Data itu diungkap dalam konferensi pers pengungkapan kasus pencurian dengan pemberatan (curat), pencurian dengan kekerasan (curas), dan curanmor yang digelar jajaran Polda Kalimantan Tengah di Aula Graha Bhayangkara Mapolda Kalteng, Sabtu (30/5/2026).
Kapolda Kalimantan Tengah, Iwan Kurniawan mengatakan, sejak Januari hingga akhir Mei 2026, pihaknya berhasil mengungkap 121 kasus curat, curas, dan curanmor dengan total 233 tersangka.
“Dari data pengungkapan kasus curat, curas, dan curanmor seluruh jajaran, yang berhasil diungkap sebanyak 121 kasus dengan 233 tersangka,” ujarnya.
Meski secara umum angka kriminalitas di Kalimantan Tengah mengalami penurunan dibandingkan tahun sebelumnya, curanmor masih menjadi kejahatan yang paling banyak merugikan masyarakat.
Berdasarkan data kepolisian, total kerugian dari seluruh kasus yang berhasil diungkap mencapai sekitar Rp2,125 miliar. Dari jumlah tersebut, curanmor menjadi penyumbang kerugian terbesar dengan nilai sekitar Rp1,6 miliar.
Selain itu, kasus pencurian dengan pemberatan menyebabkan kerugian sekitar Rp90 juta, sedangkan pencurian dengan kekerasan mencapai sekitar Rp435 juta.
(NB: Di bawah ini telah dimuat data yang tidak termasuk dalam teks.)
definition P :: "nat \<Rightarrow> real \<Rightarrow> (nat \<Rightarrow> real) measure" where
  "P n \<theta> = PiM {..<n} (\<lambda>_. density lborel (normal_density \<theta> 1))"

definition ybar :: "nat \<Rightarrow> (nat \<Rightarrow> real) \<Rightarrow> real" where
  "ybar n y = (\<Sum>i<n. y i) / real n"

text \<open>Adaptive LASSO as a function of the sample mean and tuning parameter mu.\<close>
definition thetaA :: "real \<Rightarrow> real \<Rightarrow> real" where
  "thetaA \<mu> yb = (if \<bar>yb\<bar> \<le> \<mu> then 0 else yb - \<mu>\<^sup>2 / yb)"

definition FA :: "nat \<Rightarrow> real \<Rightarrow> real \<Rightarrow> real \<Rightarrow> real" where
  "FA n \<mu> \<theta> x = measure (P n \<theta>)
     {y \<in> space (P n \<theta>). sqrt (real n) * (thetaA \<mu> (ybar n y) - \<theta>) \<le> x}"

definition z1 :: "nat \<Rightarrow> real \<Rightarrow> real \<Rightarrow> real \<Rightarrow> real" where
  "z1 n \<mu> \<theta> x = - (sqrt (real n) * \<theta> - x) / 2
     - sqrt (((sqrt (real n) * \<theta> + x) / 2)\<^sup>2 + real n * \<mu>\<^sup>2)"

definition z2 :: "nat \<Rightarrow> real \<Rightarrow> real \<Rightarrow> real \<Rightarrow> real" where
  "z2 n \<mu> \<theta> x = - (sqrt (real n) * \<theta> - x) / 2
     + sqrt (((sqrt (real n) * \<theta> + x) / 2)\<^sup>2 + real n * \<mu>\<^sup>2)"

definition tA :: "nat \<Rightarrow> real \<Rightarrow> real \<Rightarrow> real \<Rightarrow> real" where
  "tA n \<mu> \<theta> x = ((sqrt (real n) * \<theta> + x) / 2)
     / sqrt (((sqrt (real n) * \<theta> + x) / 2)\<^sup>2 + real n * \<mu>\<^sup>2)"

definition densA :: "nat \<Rightarrow> real \<Rightarrow> real \<Rightarrow> real \<Rightarrow> real" where
  "densA n \<mu> \<theta> x = (1/2) *
     ((if sqrt (real n) * \<theta> + x > 0 then phi (z2 n \<mu> \<theta> x) * (1 + tA n \<mu> \<theta> x) else 0)
    + (if sqrt (real n) * \<theta> + x < 0 then phi (z1 n \<mu> \<theta> x) * (1 - tA n \<mu> \<theta> x) else 0))"

end

theory Submission
  imports Defs
begin

(* Write W = sqrt n (ybar - theta) ~ N(0,1), kn = sqrt n theta and q = n mu^2.  Scaling shows
   sqrt n (thetaA - theta) = H W with H w = g (w + kn) - kn, where g s = 0 on the dead zone
   |s| <= sqrt q and g s = s - q/s outside it.  The map g is nondecreasing with sublevel
   sets {s <= root c}, root c being the appropriate root of s^2 - c s - q; this gives the
   cdf Phi(z2 x) resp. Phi(z1 x).  The dead zone is mapped to the single point -kn, which
   therefore carries the atom Phi(sqrt q - kn) - Phi(-sqrt q - kn).  Away from -kn the cdf
   is differentiable with derivative densA, and a general uniqueness argument for
   measures determined by their upper tails yields the atom-plus-density decomposition. *)

lemma indep_vars_PiM_components:
  assumes M: "\<And>i. i \<in> I \<Longrightarrow> prob_space (M i)" and I: "I \<noteq> {}"
  shows "prob_space.indep_vars (PiM I M) M (\<lambda>i x. x i) I"
proof -
  interpret prob_space "PiM I M" using M by (rule prob_space_PiM)
  have "distr (PiM I M) (PiM I M) (\<lambda>x. restrict x I) = distr (PiM I M) (PiM I M) (\<lambda>x. x)"
    by (rule distr_cong) (auto simp: space_PiM)
  also have "\<dots> = (\<Pi>\<^sub>M i\<in>I. distr (PiM I M) (M i) (\<lambda>x. x i))"
    by (auto intro!: PiM_cong simp: distr_PiM_component M)
  finally show ?thesis
    by (subst indep_vars_iff_distr_eq_PiM'[OF I]) auto
qed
Kapolda menjelaskan, mayoritas pelaku curanmor menggunakan kunci T untuk membobol kendaraan yang menjadi target mereka.
“Untuk curanmor, modus operandi yang digunakan pelaku rata-rata menggunakan kunci T,” katanya.
Tingginya angka curanmor di Palangka Raya menjadi perhatian serius aparat kepolisian. Berbagai langkah pencegahan terus dilakukan, mulai dari patroli rutin di kawasan rawan hingga peningkatan kegiatan sambang oleh personel Bhabinkamtibmas.
“Kami menitikberatkan upaya pencegahan melalui patroli rutin dan kegiatan sambang agar potensi kejahatan bisa ditekan,” tegas Iwan.
Kapolda juga mengimbau masyarakat agar lebih waspada dengan menggunakan kunci ganda pada kendaraan, memasang kamera pengawas atau CCTV di lingkungan tempat tinggal, serta segera melaporkan setiap tindak kejahatan melalui layanan darurat 110.
Menurutnya, kolaborasi antara kepolisian dan masyarakat menjadi kunci utama untuk menekan angka curanmor yang hingga kini masih menjadi ancaman terbesar terhadap keamanan dan ketertiban masyarakat di Kalimantan Tengah.